School of Geography Science, Nanjing University of Information Science and Technology, Nanjing, China.
Upland Flue-cured Tobacco Quality & Ecology Key Laboratory of China Tobacco Guizhou Academy of Tobacco Science, Guiyang, China.
PLoS One. 2021 Mar 25;16(3):e0247028. doi: 10.1371/journal.pone.0247028. eCollection 2021.
Spectral similarity indices were used to select similar soil samples from a spectral library and improve the predictive accuracy of target samples. There are many similarity indices available, and precisely how to select the optimum index has become a critical question. Five similarity indices were evaluated: Spectral angle mapper (SAM), Euclidean distance (ED), Mahalanobis distance (MD), SAM_pca and ED_pca in the space of principal components applied to a global soil spectral library. The accordance between spectral and compositional similarity was used to select the optimum index. Then the optimum index was evaluated if it can maintain the greatest predictive accuracy when selecting similar samples from a spectral library for the prediction of a target sample using a partial least squares regression (PLSR) model. The evaluated physiochemical properties were: soil organic carbon, pH, cation exchange capacity (CEC), clay, silt, and sand content. SAM and SAM_pca selected samples were closer in composition compared to the target samples. Based on similar samples selected using these two indices, PLSR models achieved the highest predictive accuracy for all soil properties, save for CEC. This validates the hypothesis that the accordance information between spectral and compositional similarity can help select the appropriate similarity index when selecting similar samples from a spectral library for prediction.

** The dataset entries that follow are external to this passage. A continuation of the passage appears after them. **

(* Let $i,j,k\ge 0$. Each permutation of one of the forms $21\ominus(\delta_j\oplus\delta_k)$, $\delta_i\ominus(1\oplus\delta_k)$, or $\delta_i\ominus(\delta_j\oplus 1)$ is shallow.
   Context: For $\pi\in S_n$: $D(\pi)=\sum_{i}|\pi_i-i|$, $I(\pi)$ is the number of inversions, $T(\pi)=n-\mathrm{cyc}(\pi)$ with $\mathrm{cyc}$ the number of cycles in the disjoint cycle decomposition; $\pi$ is shallow if $I(\pi)+T(\pi)=D(\pi)$. $\delta_m=m(m-1)\cdots21\in S_m$ is the decreasing permutation ($\delta_0$ is the empty permutation), and $1$ denotes the permutation of length one. For $\alpha\in S_a$, $\beta\in S_b$, the direct sum $\alpha\oplus\beta\in S_{a+b}$ is $\alpha_1\cdots\alpha_a(\beta_1+a)\cdots(\beta_b+a)$ and the skew sum $\alpha\ominus\beta\in S_{a+b}$ is $(\alpha_1+b)\cdots(\alpha_a+b)\beta_1\cdots\beta_b$. *)

theory Defs
  imports Main
begin

text \<open>Permutations of [n] = {1..n} in one-line notation, as lists: the list xs
  represents pi with pi_i = xs ! (i - 1).\<close>

definition perm_fun :: "nat list \<Rightarrow> nat \<Rightarrow> nat" where
  "perm_fun xs i = xs ! (i - 1)"

definition Dsum :: "nat list \<Rightarrow> int" where
  "Dsum xs = (\<Sum>i = 1..length xs. \<bar>int (perm_fun xs i) - int i\<bar>)"

definition Inv :: "nat list \<Rightarrow> nat" where
  "Inv xs = card {(i, j). 1 \<le> i \<and> i < j \<and> j \<le> length xs \<and> perm_fun xs i > perm_fun xs j}"

definition cyc :: "nat list \<Rightarrow> nat" where
  "cyc xs = card ({1..length xs} //
     {(a, b). a \<in> {1..length xs} \<and> b \<in> {1..length xs} \<and> (\<exists>k. (perm_fun xs ^^ k) a = b)})"

definition Tcyc :: "nat list \<Rightarrow> int" where
  "Tcyc xs = int (length xs) - int (cyc xs)"

definition shallow :: "nat list \<Rightarrow> bool" where
  "shallow xs \<longleftrightarrow> int (Inv xs) + Tcyc xs = Dsum xs"

definition delta :: "nat \<Rightarrow> nat list" where
  "delta m = rev [1..<m+1]"

definition direct_sum :: "nat list \<Rightarrow> nat list \<Rightarrow> nat list" (infixl "\<oplus>\<^sub>p" 65) where
  "\<alpha> \<oplus>\<^sub>p \<beta> = \<alpha> @ map (\<lambda>x. x + length \<alpha>) \<beta>"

光谱相似性指数被用于从光谱库中选择相似的土壤样本,以提高目标样本的预测精度。有许多相似性指数可供选择,如何精确选择最优指数已成为一个关键问题。本研究评估了五种相似性指数:光谱角制图(SAM)、欧几里得距离(ED)、马氏距离(MD)、主成分空间中的 PCA-SAM 和 PCA-ED,应用于全球土壤光谱库。利用光谱相似性和组成相似性的一致性来选择最优指数。然后,评估最优指数在从光谱库中选择相似样本以使用偏最小二乘回归(PLSR)模型预测目标样本时,是否能保持最大的预测精度。评估的理化性质包括:土壤有机碳、pH 值、阳离子交换量(CEC)、粘土、粉砂和砂含量。与目标样本相比,使用 SAM 和 SAM_pca 选择的样本在组成上更接近。基于这两个指数选择的相似样本,PLSR 模型对所有土壤性质(除 CEC 外)的预测精度最高。这验证了一个假设,即光谱相似性和组成相似性之间的一致性信息有助于在从光谱库中选择相似样本进行预测时选择适当的相似性指数。